Wyciągnął z kieszeni spodni telefon, by jeszcze raz sprawdzić, czy Naksu nie odpisała. Znał lokal, do którego właśnie go zaciągnęła, więc być może byłby w stanie się w nim dość sprawnie poruszać, ale Collision Space zwyczajnie było ogromne i tym samym mieściło w sobie taki sam ogrom ludzi przeróżnej maści. Przeczesywanie takiego miejsca w poszukiwaniu jednej osoby brzmiało jak największe cierpienie.
13/05/2037 03:37
Cisza. Nie mógł się powstrzymać: wywrócił oczami. Stwierdził też, że nie było już sensu dłużej czekać na wiadomość od dziewczyny, która prawdopodobnie dała pochłonąć się zabawie na tyle, że zapomniała o istnieniu reszty świata tak, jak już się to nieraz zdarzało. Shizuru musiał przyznać, że miał do niej pewną słabość, a to dlatego, iż Naksu była… niegroźna, przynajmniej względem tych spraw rodzinnych, na których mogło mu zależeć. Jej brak zainteresowania w tym aspekcie czynił ją także „bezpieczną” w takim znaczeniu, że Shizuru mógł trochę opuścić przy niej gardę, faktycznie zaczerpnąć odrobinę zabawy, którą ona tak kochała. Jedynym obszarem, w którym mogła poczynić jakieś szkody, było jej własne zdrowie.

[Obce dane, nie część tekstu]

(* Let $\Gamma$ be a weighted digraph with vertex set $\{1,\dots,n\}$, $n>1$, without loops and with strictly positive arc weights, with Laplacian matrix $L$ and in-forest dimension $d$. Then $$Q=\sum_{k=0}^{n-d}s_{n-d-k}(-L)^k=\operatorname{adj}(I+L),$$ and for every $\tau\in\mathbb R$, $$Q(\tau)=\sum_{k=0}^{n-d}s_{n-d-k}(\tau)(-\tau L)^k=\operatorname{adj}(I+\tau L).$$
   Context: $W=(w_{ij})$ is the matrix of arc weights ($w_{ij}>0$ iff there is an arc $i\to j$, else $0$). The Laplacian $L=(\ell_{ij})$: $\ell_{ij}=-w_{ij}$ for $j\ne i$, $\ell_{ii}=\sum_{k\ne i}w_{ik}$. The weight of a subgraph is the product of its arc weights (1 if no arcs); the weight of a set of subgraphs is the sum of their weights. A converging tree is a weakly connected digraph with one vertex (the root) of outdegree 0 and all others of outdegree 1; an in-forest is a spanning subgraph of $\Gamma$ whose weak components are converging trees. The in-forest dimension $d$ is the minimal number of trees in an in-forest (so in-forests have at most $n-d$ arcs). $\sigma_k$ is the total weight of in-forests with $k$ arcs; $Q_k=(q^k_{ij})$ with $q^k_{ij}$ the total weight of in-forests with $k$ arcs in which $i$ lies in a tree rooted at $j$. $Q=\sum_{k=0}^{n-d}Q_k$, $Q(\tau)=\sum_{k=0}^{n-d}Q_k\tau^k$, $s_k=\sum_{j=0}^k\sigma_j$, $s_k(\tau)=\sum_{j=0}^k\sigma_j\tau^j$. $\operatorname{adj}A$ is the transposed matrix of cofactors. *)

theory Defs
  imports "Jordan_Normal_Form.Determinant"
begin

(* Vertices are 0..<n (the paper's 1..n shifted by one).
   W is the n x n weight matrix: W $$ (i,j) > 0 iff there is an arc i -> j. *)

definition arcs :: "nat \<Rightarrow> real mat \<Rightarrow> (nat \<times> nat) set" where
  "arcs n W = {(i,j). i < n \<and> j < n \<and> W $$ (i,j) \<noteq> 0}"

definition laplacian :: "nat \<Rightarrow> real mat \<Rightarrow> real mat" where
  "laplacian n W = mat n n (\<lambda>(i,j). if i = j then (\<Sum>k\<in>{0..<n} - {i}. W $$ (i,k)) else - W $$ (i,j))"

definition outdeg :: "(nat \<times> nat) set \<Rightarrow> nat \<Rightarrow> nat" where
  "outdeg F i = card {j. (i,j) \<in> F}"

definition weak_conn :: "(nat \<times> nat) set \<Rightarrow> nat \<Rightarrow> nat \<Rightarrow> bool" where
  "weak_conn F i j \<longleftrightarrow> (i,j) \<in> (F \<union> F\<inverse>)\<^sup>*"

(* spanning subgraph of Gamma whose weak components are converging trees:
   every vertex has outdegree 0 or 1, and every weak component contains
   exactly one vertex of outdegree 0 (its root) *)
definition is_in_forest :: "nat \<Rightarrow> real mat \<Rightarrow> (nat \<times> nat) set \<Rightarrow> bool" where
  "is_in_forest n W F \<longleftrightarrow> F \<subseteq> arcs n W \<and> (\<forall>i<n. outdeg F i \<le> 1) \<and>
     (\<forall>i<n. \<exists>!r. r < n \<and> weak_conn F i r \<and> outdeg F r = 0)"

definition in_forests :: "nat \<Rightarrow> real mat \<Rightarrow> (nat \<times> nat) set set" where
  "in_forests n W = {F. is_in_forest n W F}"

definition sg_weight :: "real mat \<Rightarrow> (nat \<times> nat) set \<Rightarrow> real" where
  "sg_weight W F = (\<Prod>(i,j)\<in>F. W $$ (i,j))"

definition num_trees :: "nat \<Rightarrow> (nat \<times> nat) set \<Rightarrow> nat" where
  "num_trees n F = card {r. r < n \<and> outdeg F r = 0}"

definition forest_dim :: "nat \<Rightarrow> real mat \<Rightarrow> nat" where
  "forest_dim n W = Min (num_trees n ` in_forests n W)"

definition sigma :: "nat \<Rightarrow> real mat \<Rightarrow> nat \<Rightarrow> real" where
  "sigma n W k = (\<Sum>F\<in>{F \<in> in_forests n W. card F = k}. sg_weight W F)"

definition Qk :: "nat \<Rightarrow> real mat \<Rightarrow> nat \<Rightarrow> real mat" where
  "Qk n W k = mat n n (\<lambda>(i,j).
     \<Sum>F\<in>{F \<in> in_forests n W. card F = k \<and> weak_conn F i j \<and> outdeg F j = 0}. sg_weight W F)"

definition mat_sum :: "nat \<Rightarrow> ('k \<Rightarrow> real mat) \<Rightarrow> 'k set \<Rightarrow> real mat" where
  "mat_sum n f K = mat n n (\<lambda>(i,j). \<Sum>k\<in>K. f k $$ (i,j))"

definition Qtot :: "nat \<Rightarrow> real mat \<Rightarrow> real mat" where
  "Qtot n W = mat_sum n (Qk n W) {0..n - forest_dim n W}"

definition Qtau :: "nat \<Rightarrow> real mat \<Rightarrow> real \<Rightarrow> real mat" where
  "Qtau n W \<tau> = mat_sum n (\<lambda>k. \<tau> ^ k \<cdot>\<^sub>m Qk n W k) {0..n - forest_dim n W}"

definition s_sum :: "nat \<Rightarrow> real mat \<Rightarrow> nat \<Rightarrow> real" where
  "s_sum n W k = (\<Sum>j=0..k. sigma n W j)"

definition s_tau :: "nat \<Rightarrow> real mat \<Rightarrow> nat \<Rightarrow> real \<Rightarrow> real" where
  "s_tau n W k \<tau> = (\<Sum>j=0..k. sigma n W j * \<tau> ^ j)"

end
lemma integral_solution_unique:
  assumes "integral_solution F x \<xi>" "integral_solution F x \<eta>"
  shows "\<xi> = \<eta>"
proof
  fix t :: real
  show "\<xi> t = \<eta> t"
  proof (cases "t < 0")
    case False
    show ?thesis
      by (rule integral_solutions_eq[where F=F and G=F and N="{}" and L=L and T=t and x=x])
        (use assms lipschitz L_nonneg False in \<open>auto simp: integral_solution_def\<close>)
  qed (use assms in \<open>simp add: integral_solution_def\<close>)
qed

end

lemma integral_solution_concat:
  fixes \<xi> \<eta> :: "real \<Rightarrow> 'a::euclidean_space"
  assumes \<xi>: "integral_solution F x \<xi>" and \<eta>: "integral_solution G (\<xi> T) \<eta>" and T: "T \<ge> 0"
  shows "integral_solution (\<lambda>s y. if s \<le> T then F s y else G (s - T) y) x
    (\<lambda>t. if t \<le> T then \<xi> t else \<eta> (t - T))"
    (is "integral_solution ?H x ?\<zeta>")
proof -
  have \<xi>_int: "((\<lambda>s. F s (\<xi> s)) has_integral (\<xi> t - x)) {0..t}" if "t \<ge> 0" for t
    using \<xi> that unfolding integral_solution_def by blast
  have \<zeta>_int_le: "((\<lambda>s. ?H s (?\<zeta> s)) has_integral (\<xi> t - x)) {0..t}" if "0 \<le> t" "t \<le> T" for t
    by (rule has_integral_eq[OF _ \<xi>_int[OF that(1)]]) (use that in auto)
  have "((\<lambda>s. ?H s (?\<zeta> s)) has_integral (\<eta> (t - T) - \<xi> T)) {T..t}" if "T < t" for t
  proof -
    have "((\<lambda>r. G r (\<eta> r)) has_integral (\<eta> (t - T) - \<xi> T)) {0..t - T}"
      using \<eta> that unfolding integral_solution_def by auto
    then have shifted: "((\<lambda>s. G (s - T) (\<eta> (s - T))) has_integral (\<eta> (t - T) - \<xi> T)) {T..t}"
      using has_integral_shift_Icc_real[of "\<lambda>s. G (s - T) (\<eta> (s - T))" T _ 0 "t - T"]
      by (simp add: o_def)
    show ?thesis
      by (rule has_integral_spike_finite[where S="{T}", OF _ _ shifted]) auto
  qed
  then have "((\<lambda>s. ?H s (?\<zeta> s)) has_integral (\<xi> T - x) + (\<eta> (t - T) - \<xi> T)) {0..t}" if "T < t" for t
    using that T by (intro has_integral_combine[OF T _ \<zeta>_int_le]) auto
  then show ?thesis
    using \<zeta>_int_le \<xi> T unfolding integral_solution_def by (auto simp: not_le)
qed

section \<open>Trajectories of the game\<close>

locale bounded_lipschitz_dynamics =
  fixes f :: "'n::euclidean_space \<Rightarrow> 'u::euclidean_space \<Rightarrow> 'd::euclidean_space \<Rightarrow> 'n"
    and U :: "'u set" and D :: "'d set" and M L :: real
  assumes continuous: "continuous_on (UNIV \<times> U \<times> D) (\<lambda>(x, u, d). f x u d)"
    and bounded: "\<And>x u d. u \<in> U \<Longrightarrow> d \<in> D \<Longrightarrow> norm (f x u d) \<le> M"
    and lipschitz: "\<And>x y u d. u \<in> U \<Longrightarrow> d \<in> D \<Longrightarrow> norm (f x u d - f y u d) \<le> L * norm (x - y)"
    and L_nonneg: "L \<ge> 0"
begin
(* Let $\mathcal{A}$ be an abelian von Neumann algebra with Gelfand spectrum $\Omega$, and let $\beta:\Omega\to\mathcal{Q}(\mathcal{A})$, $\beta(\tau)=\{P\in\mathcal{P}(\mathcal{A}) : \tau(P)=1\}$, be the homeomorphism of the Gelfand spectrum onto the Stone spectrum. Then for every $A\in\mathcal{A}_{sa}$ and every $\tau\in\Omega$, $f_A(\beta(\tau))=\tau(A)$; i.e. up to $\beta$, the map $A\mapsto f_A$ from $\mathcal{A}_{sa}$ onto $C(\mathcal{Q}(\mathcal{A}),\mathbb{R})$ is the restriction of the Gelfand transformation to $\mathcal{A}_{sa}$.
   Context: $\Omega$ is the set of nonzero multiplicative positive linear functionals on $\mathcal{A}$ with the weak*-topology. $\mathcal{P}(\mathcal{A})$ is the lattice of projections of $\mathcal{A}$. A quasipoint of $\mathcal{P}(\mathcal{A})$ is a maximal subset $\mathfrak{B}$ with $0\notin\mathfrak{B}$ such that for all $P,Q\in\mathfrak{B}$ there is $R\in\mathfrak{B}$ with $R\le P\wedge Q$; $\mathcal{Q}(\mathcal{A})$ is the set of quasipoints with the topology generated by the basis $\{\mathfrak{B}: P\in\mathfrak{B}\}$, $P\in\mathcal{P}(\mathcal{A})$. For $A\in\mathcal{A}_{sa}$ with right-continuous spectral family $(E^A_\lambda)$, $f_A(\mathfrak{B}):=\inf\{\lambda : E^A_\lambda\in\mathfrak{B}\}$. *)

theory Defs
  imports Complex_Main
begin

text \<open>Inner product is conjugate-linear in the first and linear in the second argument.\<close>

class complex_hilbert = ab_group_add +
  fixes scaleC :: "complex \<Rightarrow> 'a \<Rightarrow> 'a" (infixr "*\<^sub>C" 75)
  fixes cinner :: "'a \<Rightarrow> 'a \<Rightarrow> complex"
  assumes scaleC_add_right: "a *\<^sub>C (x + y) = a *\<^sub>C x + a *\<^sub>C y"
    and scaleC_add_left: "(a + b) *\<^sub>C x = a *\<^sub>C x + b *\<^sub>C x"
    and scaleC_scaleC: "a *\<^sub>C (b *\<^sub>C x) = (a * b) *\<^sub>C x"
    and scaleC_one: "1 *\<^sub>C x = x"
    and cinner_conj: "cinner x y = cnj (cinner y x)"
    and cinner_add_right: "cinner x (y + z) = cinner x y + cinner x z"
    and cinner_scaleC_right: "cinner x (a *\<^sub>C y) = a * cinner x y"
    and cinner_pos: "x \<noteq> 0 \<Longrightarrow> 0 < Re (cinner x x)"
    and complete:
      "(\<And>e. e > 0 \<Longrightarrow> \<exists>N::nat. \<forall>m\<ge>N. \<forall>n\<ge>N.
            sqrt (Re (cinner (X m - X n) (X m - X n))) < e) \<Longrightarrow>
       \<exists>L. \<forall>e>0. \<exists>N::nat. \<forall>n\<ge>N. sqrt (Re (cinner (X n - L) (X n - L))) < e"

definition hnorm :: "'h::complex_hilbert \<Rightarrow> real" where
  "hnorm x = sqrt (Re (cinner x x))"

definition bounded_op :: "('h::complex_hilbert \<Rightarrow> 'h) \<Rightarrow> bool" where
  "bounded_op T \<longleftrightarrow> (\<forall>x y. T (x + y) = T x + T y) \<and> (\<forall>a x. T (a *\<^sub>C x) = a *\<^sub>C T x)
      \<and> (\<exists>K. \<forall>x. hnorm (T x) \<le> K * hnorm x)"

definition bops :: "('h::complex_hilbert \<Rightarrow> 'h) set" where
  "bops = {T. bounded_op T}"

definition adj :: "('h::complex_hilbert \<Rightarrow> 'h) \<Rightarrow> ('h \<Rightarrow> 'h)" where
  "adj T = (THE S. \<forall>x y. cinner (T x) y = cinner x (S y))"

definition commutant :: "('h::complex_hilbert \<Rightarrow> 'h) set \<Rightarrow> ('h \<Rightarrow> 'h) set" where
  "commutant S = {T \<in> bops. \<forall>A\<in>S. T \<circ> A = A \<circ> T}"

definition op_le :: "('h::complex_hilbert \<Rightarrow> 'h) \<Rightarrow> ('h \<Rightarrow> 'h) \<Rightarrow> bool" where
  "op_le S T \<longleftrightarrow> (\<forall>x. cinner x (T x - S x) \<in> \<real> \<and> 0 \<le> Re (cinner x (T x - S x)))"

definition zero_op :: "'h::complex_hilbert \<Rightarrow> 'h" where
  "zero_op = (\<lambda>x. 0)"

text \<open>A von Neumann algebra: a self-adjoint set of bounded operators equal to its
  bicommutant (equivalently, by the bicommutant theorem, a weakly closed unital *-subalgebra).\<close>
definition von_neumann_algebra :: "('h::complex_hilbert \<Rightarrow> 'h) set \<Rightarrow> bool" where
  "von_neumann_algebra M \<longleftrightarrow> M \<subseteq> bops \<and> (\<forall>A\<in>M. adj A \<in> M)
      \<and> commutant (commutant M) = M"

definition abelian :: "('h::complex_hilbert \<Rightarrow> 'h) set \<Rightarrow> bool" where
  "abelian M \<longleftrightarrow> (\<forall>A\<in>M. \<forall>B\<in>M. A \<circ> B = B \<circ> A)"

definition self_adjoints :: "('h::complex_hilbert \<Rightarrow> 'h) set \<Rightarrow> ('h \<Rightarrow> 'h) set" where
  "self_adjoints M = {A \<in> M. adj A = A}"

definition projections :: "('h::complex_hilbert \<Rightarrow> 'h) set \<Rightarrow> ('h \<Rightarrow> 'h) set" where
  "projections M = {P \<in> M. P \<circ> P = P \<and> adj P = P}"

definition gelfand_spectrum :: "('h::complex_hilbert \<Rightarrow> 'h) set \<Rightarrow> (('h \<Rightarrow> 'h) \<Rightarrow> complex) set" where
  "gelfand_spectrum M = {\<tau>.
     (\<forall>A\<in>M. \<forall>B\<in>M. \<tau> (\<lambda>x. A x + B x) = \<tau> A + \<tau> B)
   \<and> (\<forall>A\<in>M. \<forall>a. \<tau> (\<lambda>x. a *\<^sub>C A x) = a * \<tau> A)
   \<and> (\<forall>A\<in>M. \<forall>B\<in>M. \<tau> (A \<circ> B) = \<tau> A * \<tau> B)
   \<and> (\<forall>A\<in>M. op_le zero_op A \<longrightarrow> \<tau> A \<in> \<real> \<and> 0 \<le> Re (\<tau> A))
   \<and> (\<exists>A\<in>M. \<tau> A \<noteq> 0)}"

definition filter_base :: "('h::complex_hilbert \<Rightarrow> 'h) set \<Rightarrow> ('h \<Rightarrow> 'h) set \<Rightarrow> bool" where
  "filter_base M B \<longleftrightarrow> B \<subseteq> projections M \<and> zero_op \<notin> B
     \<and> (\<forall>P\<in>B. \<forall>Q\<in>B. \<exists>R\<in>B. op_le R P \<and> op_le R Q)"

definition quasipoints :: "('h::complex_hilbert \<Rightarrow> 'h) set \<Rightarrow> ('h \<Rightarrow> 'h) set set" where
  "quasipoints M = {B. filter_base M B \<and> (\<forall>C. filter_base M C \<and> B \<subseteq> C \<longrightarrow> C = B)}"

definition beta :: "('h::complex_hilbert \<Rightarrow> 'h) set \<Rightarrow> (('h \<Rightarrow> 'h) \<Rightarrow> complex) \<Rightarrow> ('h \<Rightarrow> 'h) set" where
  "beta M \<tau> = {P \<in> projections M. \<tau> P = 1}"

text \<open>Right-continuous spectral family: the greatest projection P of M with AP \<le> \<lambda>P.\<close>
definition spectral_proj :: "('h::complex_hilbert \<Rightarrow> 'h) set \<Rightarrow> ('h \<Rightarrow> 'h) \<Rightarrow> real \<Rightarrow> ('h \<Rightarrow> 'h)" where
  "spectral_proj M A l = (THE P. P \<in> projections M
       \<and> op_le (A \<circ> P) (\<lambda>x. complex_of_real l *\<^sub>C P x)
       \<and> (\<forall>Q\<in>projections M. op_le (A \<circ> Q) (\<lambda>x. complex_of_real l *\<^sub>C Q x) \<longrightarrow> op_le Q P))"

definition obs_fun :: "('h::complex_hilbert \<Rightarrow> 'h) set \<Rightarrow> ('h \<Rightarrow> 'h) \<Rightarrow> ('h \<Rightarrow> 'h) set \<Rightarrow> real" where
  "obs_fun M A B = Inf {l. spectral_proj M A l \<in> B}"

end

theory Submission
  imports Defs "HOL-Computational_Algebra.Polynomial"
begin

text \<open>
  Let \<open>\<tau>\<close> be a character and \<open>E\<^sub>\<lambda>\<close> the spectral projections of the self-adjoint \<open>A\<close>.
  Each \<open>E\<^sub>\<lambda>\<close> is idempotent, so \<open>\<tau>(E\<^sub>\<lambda>) \<in> {0, 1}\<close>. If \<open>\<tau>(E\<^sub>\<lambda>) = 1\<close>, applying \<open>\<tau>\<close> to
  the positive operator \<open>\<lambda>E\<^sub>\<lambda> - AE\<^sub>\<lambda>\<close> gives \<open>\<tau>(A) \<le> \<lambda>\<close>. Conversely, \<open>E\<^sub>\<lambda>\<close> is the
  projection onto the kernel of the positive part \<open>P\<close> of \<open>A - \<lambda>\<close>, and
  \<open>P = (A - \<lambda>)(I - E\<^sub>\<lambda>)\<close>; so \<open>\<tau>(E\<^sub>\<lambda>) = 0\<close> forces \<open>0 \<le> \<tau>(P) = \<tau>(A) - \<lambda>\<close>.
  Thus \<open>{\<lambda>. E\<^sub>\<lambda> \<in> \<beta>(\<tau>)}\<close> lies between \<open>(\<tau>(A), \<infinity>)\<close> and \<open>[\<tau>(A), \<infinity>)\<close>, and its
  infimum is \<open>\<tau>(A)\<close>.

  Square roots and kernel projections are strong limits of monotone sequences of
  operators: square roots via the iteration \<open>p\<^sub>n\<^sub>+\<^sub>1 = (t + p\<^sub>n\<^sup>2)/2\<close>, kernel
  projections via the powers of \<open>I - Y\<^sup>2/\<parallel>Y\<parallel>\<^sup>2\<close>; positive parts then come from
  \<open>|B| = sqrt (B\<^sup>2)\<close>. The bicommutant property keeps all these limits in the algebra.
  The Riesz representation is needed only to read \<open>adj A = A\<close> as
  \<open>\<langle>A x, y\<rangle> = \<langle>x, A y\<rangle>\<close>.
\<close>

lemma scaleC_zero_left [simp]: "(0::complex) *\<^sub>C (x::'h::complex_hilbert) = 0"
proof -
  have "(0 + 0) *\<^sub>C x = 0 *\<^sub>C x + 0 *\<^sub>C x" by (rule scaleC_add_left)
  then show ?thesis by simp
qed

lemma scaleC_zero_right [simp]: "a *\<^sub>C (0::'h::complex_hilbert) = 0"
proof -
  have "a *\<^sub>C (0 + 0) = a *\<^sub>C (0::'h) + a *\<^sub>C 0" by (rule scaleC_add_right)
  then show ?thesis by simp
qed

lemma scaleC_minus_left: "(- a) *\<^sub>C (x::'h::complex_hilbert) = - (a *\<^sub>C x)"
  using scaleC_add_left[of a "- a" x] minus_unique[of "a *\<^sub>C x" "(- a) *\<^sub>C x"] by simp

lemma scaleC_minus_right: "a *\<^sub>C (- x::'h::complex_hilbert) = - (a *\<^sub>C x)"
  using scaleC_add_right[of a x "- x"] minus_unique[of "a *\<^sub>C x" "a *\<^sub>C (- x)"] by simp

lemma scaleC_diff_right: "a *\<^sub>C (x - y::'h::complex_hilbert) = a *\<^sub>C x - a *\<^sub>C y"
  unfolding diff_conv_add_uminus by (simp only: scaleC_add_right scaleC_minus_right)

lemma scaleC_minus_one: "(- 1) *\<^sub>C (x::'h::complex_hilbert) = - x"
  by (simp add: scaleC_minus_left scaleC_one)

lemma scaleC_eq_0_iff [simp]: "a *\<^sub>C x = 0 \<longleftrightarrow> a = 0 \<or> x = (0::'h::complex_hilbert)"
proof
  assume "a *\<^sub>C x = 0"
  then have "(1 / a) *\<^sub>C (a *\<^sub>C x) = 0" by simp
  then show "a = 0 \<or> x = 0" by (cases "a = 0") (simp_all add: scaleC_scaleC scaleC_one)
qed auto

lemma scaleC_half_add_half: "(1/2::complex) *\<^sub>C x + (1/2) *\<^sub>C x = (x::'h::complex_hilbert)"
  by (simp add: scaleC_one flip: scaleC_add_left)

lemma cinner_add_left: "cinner (x + y) (z::'h::complex_hilbert) = cinner x z + cinner y z"
  by (metis cinner_conj cinner_add_right complex_cnj_add)

lemma cinner_scaleC_left: "cinner (a *\<^sub>C x) (y::'h::complex_hilbert) = cnj a * cinner x y"
  by (metis cinner_conj cinner_scaleC_right complex_cnj_mult)

lemma cinner_zero_right [simp]: "cinner x (0::'h::complex_hilbert) = 0"
  using cinner_scaleC_right[of x 0 0] by simp

lemma cinner_zero_left [simp]: "cinner (0::'h::complex_hilbert) x = 0"
  using cinner_scaleC_left[of 0 0 x] by simp

lemma cinner_minus_right: "cinner x (- y::'h::complex_hilbert) = - cinner x y"
  using cinner_scaleC_right[of x "- 1" y] by (simp add: scaleC_minus_one)

lemma cinner_minus_left: "cinner (- x::'h::complex_hilbert) y = - cinner x y"
  using cinner_scaleC_left[of "- 1" x y] by (simp add: scaleC_minus_one)

lemma cinner_diff_right: "cinner x (y - z::'h::complex_hilbert) = cinner x y - cinner x z"
  unfolding diff_conv_add_uminus by (simp only: cinner_add_right cinner_minus_right)

lemma cinner_diff_left: "cinner (x - y::'h::complex_hilbert) z = cinner x z - cinner y z"
  unfolding diff_conv_add_uminus by (simp only: cinner_add_left cinner_minus_left)

lemma cinner_sum_right: "cinner x (\<Sum>k\<in>S. f k) = (\<Sum>k\<in>S. cinner x (f k :: 'h::complex_hilbert))"
  by (induction S rule: infinite_finite_induct) (simp_all add: cinner_add_right)

lemma cinner_sum_left: "cinner (\<Sum>k\<in>S. f k) x = (\<Sum>k\<in>S. cinner (f k :: 'h::complex_hilbert) x)"
  by (induction S rule: infinite_finite_induct) (simp_all add: cinner_add_left)

lemma scaleC_sum_right: "c *\<^sub>C (\<Sum>k\<in>S. f k) = (\<Sum>k\<in>S. c *\<^sub>C (f k :: 'h::complex_hilbert))"
  by (induction S rule: infinite_finite_induct) (simp_all add: scaleC_add_right)

lemma cinner_self_real: "cinner x (x::'h::complex_hilbert) = complex_of_real (Re (cinner x x))"
proof -
  have "Im (cinner x x) = 0"
    using cinner_conj[of x x] by (metis cnj.simps(2) complex.expand cnj.sel(1) neg_equal_zero)
  then show ?thesis by (simp add: complex_eq_iff)
qed

lemma cinner_self_nonneg: "0 \<le> Re (cinner x (x::'h::complex_hilbert))"
proof (cases "x = 0")
  case False
  then show ?thesis using cinner_pos[of x] by simp
qed simp

lemma cinner_self_eq_zero [simp]: "cinner x x = 0 \<longleftrightarrow> x = (0::'h::complex_hilbert)"
  using cinner_pos[of x] by (cases "x = 0") auto

lemma cinner_eqI: "(\<And>y. cinner y a = cinner y b) \<Longrightarrow> a = (b::'h::complex_hilbert)"
  by (metis cinner_diff_right cinner_self_eq_zero eq_iff_diff_eq_0)

lemma hnorm_nonneg [simp]: "0 \<le> hnorm x"
  by (simp add: hnorm_def cinner_self_nonneg)

lemma hnorm_sq: "(hnorm x)\<^sup>2 = Re (cinner x (x::'h::complex_hilbert))"
  by (simp add: hnorm_def cinner_self_nonneg)

lemma cinner_self_hnorm: "cinner x (x::'h::complex_hilbert) = complex_of_real ((hnorm x)\<^sup>2)"
  by (metis cinner_self_real hnorm_sq)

Była również niesamowicie łatwa do zmanipulowania. Działała na ogół tak, jak sobie tego życzył. Kuszącym było, by sterować każdym aspektem jej życia, jednak to mogłoby być już podejrzane. I, prawdopodobnie, dość okrutne.
W każdym razie, kawałek czułości, jaką względem niej miał, powodował, że nie dość, iż się zjawił tu na jej życzenie po ciężkim, długim, okropnym dniu, to ponadto był w stanie poświęcić odrobinę swojego spokoju, by faktycznie znaleźć ją w tłumie tańczących, przepoconych ciał i dostarczyć do domu w jednym, choć zapewne trochę potarganym kawałku. Wkrótce wszedł zatem do środka, gdzie muzyka swoimi głośnymi, głębokimi basami od razu zadrżała mu w klatce piersiowej i czaszce. Duchota, podobna do tej, co na zewnątrz, ale jeszcze gorsza, spowodowała, że w momencie podwinął rękawy swojej czarnej, idealnie dopasowanej koszuli do zgięcia łokcia, co… niewiele dało, ale przynajmniej podarowało mu chwilę poczucia chłodu na przedramionach. Za to mentalnie pogratulował sobie za wspaniałomyślne upięcie jasnych włosów w wysoki kucyk, i to jeszcze w domu.
Znając Naksu i jej silną potrzebę bycia w centrum uwagi, znajdowała się teraz dokładnie tam — w samym axis mundi tego miejsca. Miała też, niestety, może jakieś metr sześćdziesiąt wzrostu, co wcale a wcale nie ułatwiało szukania jej w takim tłumie, jednakże nie rozczulając się dłużej nad sobą, wszedł w ocean ludzi, który pod siłą jego, cóż, łokci — bo kto tutaj przejmował się siłą czyjejś osobowości — rozstępował się posłusznie, aż Shizuru nie znalazł się u celu.
Miał rację, jak to często bywało, i wreszcie na środku parkietu dostrzegł wpierw połyskującą się milionami brokatowych drobinek sukienkę, którą łatwo było mu rozpoznać na podstawie zdjęcia zachowanego w pamięci jego mózgu, a następnie włosy koloru truskawkowej gumy balonowej, wirujące wraz z poruszającym się szczupłym ciałem młodej kobiety.
Gdy do niej dotarł w pełni, najpierw położył dłoń na jej ramieniu, aby dać znać o swojej obecności, a następnie złapał ją za dłoń i zbliżył się trochę, by mogła go usłyszeć, jednocześnie ignorując każdą inną, nieistotną osobę, z którą tu przyszła.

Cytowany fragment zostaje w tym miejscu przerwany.